*** ENTRIES SHOWN ***

lemma minus_nu_in_NB: "(\<lambda>k. csc (-1) (nu k)) \<in> NB \<theta>"
proof -
  have "f_el \<in> IB \<theta>"
    unfolding IB_def by (rule ig_gen) simp
  moreover have "eqOA \<theta> (\<lambda>k. csc (-1) (nu k)) (\<lambda>k. csc (-1) (dA \<theta> f_el k))"
    using nu_eq_dA_f by (simp add: eqOA_def eqA_def IA_def ig_zero)
  ultimately show ?thesis
    by (blast intro: NB.nb_eq NB.nb_smult NB.nb_d)
qed

lemma nabla_apply:
  assumes "b \<in> {1..4}"
  shows "nabla \<theta> \<omega> a b = dA \<theta> (\<omega> b) a"
proof -
  have "nabla \<theta> \<omega> a b = (\<Sum>k\<in>{1..4}. fmul (dA \<theta> (\<omega> k) a) (shift \<theta> a (dz k b)))"
    unfolding nabla_def by (simp add: sum_fun_apply tens_def)
  also have "\<dots> = (\<Sum>k\<in>{1..4}. if k = b then dA \<theta> (\<omega> b) a else 0)"
    by (rule sum.cong) (auto simp: dz_apply shift_cst shift_zero fmul_one_right fmul_zero_right)
  finally show ?thesis
    using assms by simp
qed

lemma nabla_Pi_dz:
  assumes i: "i \<in> {1..4}"
  shows "eqTB \<theta> (nabla \<theta> (Pi \<theta> (dz i)))
    (tlsc (- gen i) (\<Sum>k\<in>{1..4}. \<Sum>l\<in>{1..4}. tlsc (cst (gmat k l)) (tens \<theta> (dz k) (dz l))))"
proof (rule eqTB_if_diff_eq[OF KB.kb_r[OF _ minus_nu_in_NB]])
  show "polyO (dz i)"
    by (simp add: polyO_def poly_fa_def dz_apply cst_def)
  fix a b :: nat
  assume a: "a \<in> {1..4}" and b: "b \<in> {1..4}"
  have "nabla \<theta> (Pi \<theta> (dz i)) a b = csc (-1/2) ((if a = i then csc (Rm \<theta> (partner b) i) (mono [partner b]) else 0)
      + (if a = partner b then mono [i] else 0))"
    unfolding nabla_apply[OF b] Pi_dz_apply[OF i b] dA_diff dA_dz
    by (simp add: dA_csc dA_mono_pair csc_neg csc_minus_one[symmetric] csc_csc)
  moreover have "tlsc (- gen i) (\<Sum>k\<in>{1..4}. \<Sum>l\<in>{1..4}. tlsc (cst (gmat k l)) (tens \<theta> (dz k) (dz l))) a b
      = - csc (gmat a b) (mono [i])"
    unfolding tlsc_def[of "- gen i"] metric_dz_expansion_apply[OF a b]
    by (simp add: fmul_cst_right csc_neg gen_def)
  moreover have "gmat a b = (if a = partner b then 1/2 else 0)"
    using a b partner_partner by (auto simp: gmat_def Pm_partner)
  moreover have "tens \<theta> (dz i) (\<lambda>k. csc (- 1) (nu k)) a b =
      (if a = i then csc (- Rm \<theta> (partner b) i / 2) (mono [partner b]) else 0)"
    using Rm_partner_transpose[OF i b, of \<theta>]
    by (simp add: tens_def dz_apply fmul_one_left fmul_zero_left shift_csc shift_mono ph_def nu_partner[OF b]
        csc_csc gen_def)
  ultimately show "nabla \<theta> (Pi \<theta> (dz i)) a b -
      tlsc (- gen i) (\<Sum>k\<in>{1..4}. \<Sum>l\<in>{1..4}. tlsc (cst (gmat k l)) (tens \<theta> (dz k) (dz l))) a b =
      tens \<theta> (dz i) (\<lambda>k. csc (- 1) (nu k)) a b"
    by (auto simp: csc_add csc_csc csc_zero_left csc_zero_right csc_neg fun_eq_iff)
qed

theorem proposition4p8:
  fixes \<theta> :: real
  shows
   "(\<forall>\<omega>. polyO \<omega> \<longrightarrow>
        eqTA \<theta> (sigma \<theta> (tens \<theta> \<omega> nu)) (tens \<theta> nu \<omega>) \<and>
        eqTA \<theta> (sigma \<theta> (tens \<theta> nu \<omega>)) (tens \<theta> \<omega> nu))
  \<and> (\<forall>T. polyT T \<longrightarrow>
        eqTQ \<theta> (sigma \<theta> (PiL \<theta> T)) (PiR \<theta> (sigma \<theta> T)) \<and>
        eqTQ \<theta> (sigma \<theta> (PiR \<theta> T)) (PiL \<theta> (sigma \<theta> T)))
  \<and> eqTB \<theta> gA (\<Sum>i\<in>{1..4}. \<Sum>j\<in>{1..4}. tlsc (cst (gmat i j)) (tens \<theta> (dz i) (dz j)))
  \<and> (\<forall>i\<in>{1..4}. \<forall>j\<in>{1..4}.
        eqB \<theta> (ginv (tens \<theta> (Pi \<theta> (dz i)) (Pi \<theta> (dz j))))
               (cst (ginvmat i j) - fmul (gen i) (gen j)))
  \<and> (\<forall>i\<in>{1..4}.
        eqTB \<theta> (nabla \<theta> (Pi \<theta> (dz i)))
          (tlsc (- gen i) (\<Sum>k\<in>{1..4}. \<Sum>l\<in>{1..4}. tlsc (cst (gmat k l)) (tens \<theta> (dz k) (dz l)))))
  \<and> (\<forall>i\<in>{1..4}. \<forall>j\<in>{1..4}.
        eqTB \<theta> (sigma \<theta> (tens \<theta> (dz i) (dz j))) (tlsc (cst (Rm \<theta> j i)) (tens \<theta> (dz j) (dz i))))"
  using sigma_tens_form_nu sigma_tens_nu_form sigma_PiL sigma_PiR metric_descends
    ginv_tens_Pi_dz_in_B nabla_Pi_dz sigma_tens_dz_dz
  by blast

end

*** End of ENTRIES SHOWN ***

[WORK TASK] Look for the string "have" in the records, and copy every line where it is found.

[RESULT BELOW]
  have "f_el \<in> IB \<theta>"
  moreover have "eqOA \<theta> (\<lambda>k. csc (-1) (nu k)) (\<lambda>k. csc (-1) (dA \<theta> f_el k))"
  have "nabla \<theta> \<omega> a b = (\<Sum>k\<in>{1..4}. fmul (dA \<theta> (\<omega> k) a) (shift \<theta> a (dz k b)))"
  also have "\<dots> = (\<Sum>k\<in>{1..4}. if k = b then dA \<theta> (\<omega> b) a else 0)"
  have "nabla \<theta> (Pi \<theta> (dz i)) a b = csc (-1/2) ((if a = i then csc (Rm \<theta> (partner b) i) (mono [partner b]) else 0)
  moreover have "tlsc (- gen i) (\<Sum>k\<in>{1..4}. \<Sum>l\<in>{1..4}. tlsc (cst (gmat k l)) (tens \<theta> (dz k) (dz l))) a b
  moreover have "gmat a b = (if a = partner b then 1/2 else 0)"
  moreover have "tens \<theta> (dz i) (\<lambda>k. csc (- 1) (nu k)) a b =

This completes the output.